Gross Fixed Capital Formation (GFCF), i.e., net investments in fixed assets, in SEA-6 countries increased from USD 140 billion in 2000 to USD 952 billion in 2023. With a CAGR of 8.7%, the surge in GFCF underscores the region’s growing role as a hub for capital-intensive projects.
In 2023, Indonesia alone accounted for USD 402 of the region’s GFCF due to a surge in public sector infrastructure investments, including several projects related to the new capital city, Nusantara, located on the island of Borneo.
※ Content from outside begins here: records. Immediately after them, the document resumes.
lemma smooth_cc_cong:
  "a < b \<Longrightarrow> smooth_cc a b f \<Longrightarrow> (\<And>x. x \<in> {a..b} \<Longrightarrow> f x = g x) \<Longrightarrow> smooth_cc a b g"
  by (auto simp: smooth_cc_iff_times_differentiable_on intro: times_differentiable_on_cong)

lemma smooth_cc_const: "a < b \<Longrightarrow> smooth_cc a b (\<lambda>x. c)"
  by (simp add: smooth_cc_iff_times_differentiable_on times_differentiable_on_const)

lemma smooth_cc_mult:
  "a < b \<Longrightarrow> smooth_cc a b f \<Longrightarrow> smooth_cc a b g \<Longrightarrow> smooth_cc a b (\<lambda>x. f x * g x)"
  by (simp add: smooth_cc_iff_times_differentiable_on times_differentiable_on_mult)

lemma smooth_cc_powr_affine:
  fixes \<alpha> \<beta> :: real
  assumes "a < b" and pos: "\<And>x. x \<in> {a..b} \<Longrightarrow> \<alpha> + \<beta> * x > 0"
  shows "smooth_cc a b (\<lambda>x. of_real (\<alpha> + \<beta> * x) powr w)"
proof -
  have "times_differentiable_on n a b (\<lambda>x. of_real (\<alpha> + \<beta> * x) powr w)" for n
  proof (induction n arbitrary: w)
    case (Suc n)
    have "\<forall>x\<in>{a..b}. ((\<lambda>x. of_real (\<alpha> + \<beta> * x) powr w) has_vector_derivative
        \<beta> * w * of_real (\<alpha> + \<beta> * x) powr (w - 1)) (at x within {a..b})"
      using pos has_vector_derivative_powr_affine by blast
    moreover have "times_differentiable_on n a b (\<lambda>x. \<beta> * w * of_real (\<alpha> + \<beta> * x) powr (w - 1))"
      by (intro times_differentiable_on_mult times_differentiable_on_const Suc.IH)
    ultimately show ?case
      by (auto intro!: exI[of _ "\<lambda>x. \<beta> * w * of_real (\<alpha> + \<beta> * x) powr (w - 1)"])
  qed simp
  with assms(1) show ?thesis
    by (simp add: smooth_cc_iff_times_differentiable_on)
qed

lemma smooth_cc_compose:
  fixes Y Y' :: "real \<Rightarrow> real"
  assumes "a < b" "c < d" and Y: "Y ` {a..b} \<subseteq> {c..d}"
    and Y': "\<And>x. x \<in> {a..b} \<Longrightarrow> (Y has_real_derivative Y' x) (at x within {a..b})"
    and smooth_Y': "smooth_cc a b (\<lambda>x. of_real (Y' x))"
    and smooth_\<phi>: "smooth_cc c d \<phi>"
  shows "smooth_cc a b (\<lambda>x. \<phi> (Y x))"
proof -
  have "\<forall>\<phi> D. smooth_tower c d \<phi> D \<longrightarrow> times_differentiable_on n a b (\<lambda>x. \<phi> (Y x))" for n
  proof (induction n)
    case (Suc n)
    show ?case
    proof (intro allI impI)
      fix \<phi> D assume tower: "smooth_tower c d \<phi> D"
      have "((\<lambda>x. \<phi> (Y x)) has_vector_derivative of_real (Y' x) * D 1 (Y x)) (at x within {a..b})"
        if x: "x \<in> {a..b}" for x
      proof (rule has_vector_derivative_compose_real[OF Y'[OF x] _ Y])
        have "Y x \<in> {c..d}" using Y x by blast
        with tower show "(\<phi> has_vector_derivative D 1 (Y x)) (at (Y x) within {c..d})"
          using has_vector_derivative_transform_within[of "D 0" "D 1 (Y x)" "Y x" "{c..d}" 1 \<phi>]
          by (auto simp: smooth_tower_def)
      qed
      moreover have "times_differentiable_on n a b (\<lambda>x. of_real (Y' x) * D 1 (Y x))"
        using smooth_Y' \<open>a < b\<close> Suc.IH smooth_tower_Suc[OF tower]
        by (intro times_differentiable_on_mult) (auto simp: smooth_cc_iff_times_differentiable_on)
      ultimately show "times_differentiable_on (Suc n) a b (\<lambda>x. \<phi> (Y x))"
        by (auto intro!: exI[of _ "\<lambda>x. of_real (Y' x) * D 1 (Y x)"])
    qed
  qed simp
  then have "times_differentiable_on n a b (\<lambda>x. \<phi> (Y x))" for n
    using smooth_\<phi> by (auto simp: smooth_cc_def)
  with \<open>a < b\<close> show ?thesis
    by (simp add: smooth_cc_iff_times_differentiable_on)
qed

section \<open>The hypergeometric operator\<close>

text \<open>In Gauss' notation x(1-x)u'' + (\<gamma> - (\<alpha>+\<beta>+1)x)u' - \<alpha>\<beta>u one has \<gamma> = c,
  \<alpha>+\<beta>+1 = c+d and \<alpha>\<beta> = e; splitting \<alpha>+\<beta>+1 in this way makes the weight
  x^(c-1) (1-x)^(d-1) symmetrize the operator.\<close>

definition hypergeometric_op ::
    "complex \<Rightarrow> complex \<Rightarrow> complex \<Rightarrow> real \<Rightarrow> complex \<Rightarrow> complex \<Rightarrow> complex \<Rightarrow> complex" where
  "hypergeometric_op c d e x u u' u'' =
     of_real (x * (1 - x)) * u'' + (c - (c + d) * of_real x) * u' - e * u"
lemma class_P_preserving_imp_Im_bound:
  assumes T: "\<forall>f\<in>class_P. T_op (ell \<circ> \<omega>) \<phi> f \<in> class_P"
    and z: "z \<in> unit_disk" and p: "cmod (\<phi> z) < 1" and a: "cmod (\<omega> z) < 1"
  shows "4 * \<bar>Im (\<omega> z)\<bar> * cmod (\<phi> z) \<le> (1 - (cmod (\<omega> z))^2) * (1 - (cmod (\<phi> z))^2)"
proof (cases "\<phi> z = 0")
  case True
  then show ?thesis using a by (simp add: abs_square_le_1)
next
  case False
  define \<sigma> :: real where "\<sigma> = (if Im (\<omega> z) \<ge> 0 then 1 else -1)"
  define c where "c = \<i> * \<sigma> * cnj (\<phi> z) / cmod (\<phi> z)"
  have c1: "cmod c = 1" using False by (simp add: c_def norm_mult norm_divide \<sigma>_def)
  have "\<phi> z * cnj (\<phi> z) = cmod (\<phi> z) * cmod (\<phi> z)"
    by (metis complex_norm_square of_real_mult power2_eq_square)
  then have "c * \<phi> z = \<i> * complex_of_real (\<sigma> * cmod (\<phi> z))"
    using False by (simp add: c_def complex_norm_square field_simps)
  then have Im: "Im (\<omega> z) * Im (c * \<phi> z) = \<bar>Im (\<omega> z)\<bar> * cmod (\<phi> z)"
    by (simp add: \<sigma>_def)
  have norm: "cmod (c * \<phi> z) = cmod (\<phi> z)" using c1 by (simp add: norm_mult)
  \<comment> \<open>\<open>c\<close> rotates \<open>\<phi> z\<close> onto the imaginary axis, on the side where \<open>Im (\<omega> z)\<close> lies\<close>
  have "T_op (ell \<circ> \<omega>) \<phi> (\<lambda>w. ell (c * w)) \<in> class_P"
    using T ell_rotation_in_class_P[OF c1] by blast
  then have "Re (ell (\<omega> z) * ell (c * \<phi> z)) > 0"
    using z unfolding class_P_def T_op_def by auto
  moreover have "\<omega> z \<noteq> 1" "c * \<phi> z \<noteq> 1" using a p norm by auto
  ultimately have "0 < ((1 - (cmod (\<omega> z))^2) * (1 - (cmod (c * \<phi> z))^2)
      - 4 * Im (\<omega> z) * Im (c * \<phi> z)) / ((cmod (1 - \<omega> z))^2 * (cmod (1 - c * \<phi> z))^2)"
    by (simp only: Re_ell_mult[OF \<open>\<omega> z \<noteq> 1\<close> \<open>c * \<phi> z \<noteq> 1\<close>])
  then have "0 < (1 - (cmod (\<omega> z))^2) * (1 - (cmod (c * \<phi> z))^2)
      - 4 * Im (\<omega> z) * Im (c * \<phi> z)"
    by (smt (verit) divide_nonpos_nonneg zero_le_mult_iff zero_le_power2)
  then show ?thesis using Im norm by simp
qed
(* Let $\mathcal{A}\in\mathbb{C}^{I_{1\ldots N}\times I_{1\ldots N}}$ with $\mathcal{A}\neq\mathcal{O}$, and let $\mathcal{M},\mathcal{N}\in\mathbb{C}^{I_{1\ldots N}\times I_{1\ldots N}}$ be Hermitian positive definite tensors. Then $$1\le\|\mathcal{A}\|_{\mathcal{M}\mathcal{N}}\,\|\mathcal{A}^{\dagger}_{\mathcal{M},\mathcal{N}}\|_{\mathcal{N}\mathcal{M}}\le4\,w(\tilde{\mathcal{A}})\,w(\tilde{\mathcal{A}}^{\dagger}),$$ where $\tilde{\mathcal{A}}=\mathcal{M}^{1/2}*_N\mathcal{A}*_N\mathcal{N}^{-1/2}$.
   Context: Write $I_{1\ldots N}$ for $I_1\times\cdots\times I_N$; $\mathcal{O}$ is the zero tensor. Einstein product: $(\mathcal{A}*_N\mathcal{B})_{i_1\ldots i_Nj_1\ldots j_L}=\sum_{k_1,\ldots,k_N}a_{i_1\ldots i_Nk_1\ldots k_N}b_{k_1\ldots k_Nj_1\ldots j_L}$ (also when $\mathcal{B}\in\mathbb{C}^{I_{1\ldots N}}$). $\mathcal{A}^H$ is the conjugate transpose; inverses are w.r.t. $*_N$. $\langle\mathcal{X},\mathcal{Y}\rangle=\mathcal{Y}^H*_N\mathcal{X}$, $\|\mathcal{X}\|=\langle\mathcal{X},\mathcal{X}\rangle^{1/2}$. $\mathcal{M}$ is Hermitian positive definite if $\mathcal{M}^H=\mathcal{M}$ and $\langle\mathcal{M}*_N\mathcal{X},\mathcal{X}\rangle>0$ for nonzero $\mathcal{X}$; $\mathcal{M}^{1/2}$ is its unique Hermitian positive definite square root and $\mathcal{N}^{-1/2}=(\mathcal{N}^{1/2})^{-1}$. Weighted norms: $\|\mathcal{X}\|_{\mathcal{M}}=\langle\mathcal{M}*_N\mathcal{X},\mathcal{X}\rangle^{1/2}$, $\|\mathcal{X}\|_{\mathcal{N}}=\langle\mathcal{N}*_N\mathcal{X},\mathcal{X}\rangle^{1/2}$, $\|\mathcal{A}\|_{\mathcal{M}\mathcal{N}}=\sup\{\|\mathcal{A}*_N\mathcal{X}\|_{\mathcal{M}}:\|\mathcal{X}\|_{\mathcal{N}}=1\}$, $\|\mathcal{B}\|_{\mathcal{N}\mathcal{M}}=\sup\{\|\mathcal{B}*_N\mathcal{X}\|_{\mathcal{N}}:\|\mathcal{X}\|_{\mathcal{M}}=1\}$. Numerical range $W(\mathcal{A})=\{\langle\mathcal{A}*_N\mathcal{X},\mathcal{X}\rangle:\|\mathcal{X}\|=1\}$ and numerical radius $w(\mathcal{A})=\max\{|z|:z\in W(\mathcal{A})\}$. Weighted Moore-Penrose inverse $\mathcal{A}^{\dagger}_{\mathcal{M},\mathcal{N}}$: the unique $\mathcal{X}$ with $\mathcal{A}*_N\mathcal{X}*_N\mathcal{A}=\mathcal{A}$, $\mathcal{X}*_N\mathcal{A}*_N\mathcal{X}=\mathcal{X}$, $(\mathcal{M}*_N\mathcal{A}*_N\mathcal{X})^H=\mathcal{M}*_N\mathcal{A}*_N\mathcal{X}$, $(\mathcal{N}*_N\mathcal{X}*_N\mathcal{A})^H=\mathcal{N}*_N\mathcal{X}*_N\mathcal{A}$; $\tilde{\mathcal{A}}^{\dagger}$ is the Moore-Penrose inverse (identity weights). *)

theory Defs
  imports Complex_Main
begin

text \<open>Multi-indices (i_1,...,i_N) with 0 <= i_k < I_k, encoded as functions nat => nat
  that vanish from position N on.\<close>
definition idx :: "(nat \<Rightarrow> nat) \<Rightarrow> nat \<Rightarrow> (nat \<Rightarrow> nat) set" where
  "idx I N = {f. (\<forall>k<N. f k < I k) \<and> (\<forall>k\<ge>N. f k = 0)}"

type_synonym mindex = "nat \<Rightarrow> nat"
type_synonym tensor = "mindex \<Rightarrow> mindex \<Rightarrow> complex"
type_synonym vtensor = "mindex \<Rightarrow> complex"

text \<open>In all definitions, D is the multi-index set I_1 x ... x I_N; entries outside D are 0.\<close>
definition is_tensor :: "mindex set \<Rightarrow> tensor \<Rightarrow> bool" where
  "is_tensor D A \<longleftrightarrow> (\<forall>i j. (i \<notin> D \<or> j \<notin> D) \<longrightarrow> A i j = 0)"

definition is_vtensor :: "mindex set \<Rightarrow> vtensor \<Rightarrow> bool" where
  "is_vtensor D X \<longleftrightarrow> (\<forall>i. i \<notin> D \<longrightarrow> X i = 0)"

definition zero_tensor :: tensor where "zero_tensor = (\<lambda>i j. 0)"

definition id_tensor :: "mindex set \<Rightarrow> tensor" where
  "id_tensor D = (\<lambda>i j. if i \<in> D \<and> j \<in> D \<and> i = j then 1 else 0)"

definition ein :: "mindex set \<Rightarrow> tensor \<Rightarrow> tensor \<Rightarrow> tensor" where
  "ein D A B = (\<lambda>i j. if i \<in> D \<and> j \<in> D then (\<Sum>k\<in>D. A i k * B k j) else 0)"

definition einv :: "mindex set \<Rightarrow> tensor \<Rightarrow> vtensor \<Rightarrow> vtensor" where
  "einv D A X = (\<lambda>i. if i \<in> D then (\<Sum>k\<in>D. A i k * X k) else 0)"

definition ctrans :: "tensor \<Rightarrow> tensor" where
  "ctrans A = (\<lambda>i j. cnj (A j i))"

definition tinner :: "mindex set \<Rightarrow> vtensor \<Rightarrow> vtensor \<Rightarrow> complex" where
  "tinner D X Y = (\<Sum>i\<in>D. cnj (Y i) * X i)"

definition tnorm :: "mindex set \<Rightarrow> vtensor \<Rightarrow> real" where
  "tnorm D X = sqrt (Re (tinner D X X))"

definition hpd :: "mindex set \<Rightarrow> tensor \<Rightarrow> bool" where
  "hpd D M \<longleftrightarrow> is_tensor D M \<and> ctrans M = M \<and>
     (\<forall>X. is_vtensor D X \<and> X \<noteq> (\<lambda>i. 0) \<longrightarrow>
        tinner D (einv D M X) X \<in> \<real> \<and> 0 < Re (tinner D (einv D M X) X))"

definition tinv :: "mindex set \<Rightarrow> tensor \<Rightarrow> tensor" where
  "tinv D A = (THE B. is_tensor D B \<and> ein D A B = id_tensor D \<and> ein D B A = id_tensor D)"

definition tsqrt :: "mindex set \<Rightarrow> tensor \<Rightarrow> tensor" where
  "tsqrt D M = (THE S. hpd D S \<and> ein D S S = M)"

definition wnorm :: "mindex set \<Rightarrow> tensor \<Rightarrow> vtensor \<Rightarrow> real" where
  "wnorm D M X = sqrt (Re (tinner D (einv D M X) X))"

definition wopnorm :: "mindex set \<Rightarrow> tensor \<Rightarrow> tensor \<Rightarrow> tensor \<Rightarrow> real" where
  "wopnorm D M N A = Sup {wnorm D M (einv D A X) | X. is_vtensor D X \<and> wnorm D N X = 1}"

definition numrad :: "mindex set \<Rightarrow> tensor \<Rightarrow> real" where
  "numrad D A = Sup {cmod (tinner D (einv D A X) X) | X. is_vtensor D X \<and> tnorm D X = 1}"

definition wmp :: "mindex set \<Rightarrow> tensor \<Rightarrow> tensor \<Rightarrow> tensor \<Rightarrow> tensor" where
  "wmp D M N A = (THE X. is_tensor D X \<and>
      ein D (ein D A X) A = A \<and> ein D (ein D X A) X = X \<and>
      ctrans (ein D M (ein D A X)) = ein D M (ein D A X) \<and>
      ctrans (ein D N (ein D X A)) = ein D N (ein D X A))"

definition mpinv :: "mindex set \<Rightarrow> tensor \<Rightarrow> tensor" where
  "mpinv D A = wmp D (id_tensor D) (id_tensor D) A"

end

theory Submission
  imports Defs "Jordan_Normal_Form.Jordan_Normal_Form"
    "HOL-Computational_Algebra.Fundamental_Theorem_Algebra"
begin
Southeast Asia’s Economic Prospects
Southeast Asia is on a transformative journey, transitioning from a low-cost production base to a major global trade and high-tech manufacturing hub. With sustained GDP growth, expanding manufacturing sectors and increasing trade and investment, the region is poised to become a formidable global economic force. Another key factor in Southeast Asia’s economic rise is that the region benefits from ongoing trade friction and rivalry between the U.S. and China, a geopolitical issue that will not soon dissipate.
The alignment of sustained economic growth and increasing investment signals a new phase for the region, with countries like Vietnam and Indonesia positioning to lead the region’s long-term economic expansion. Southeast Asia’s ability to balance rapid industrialisation with sustainable development will determine its long-term success.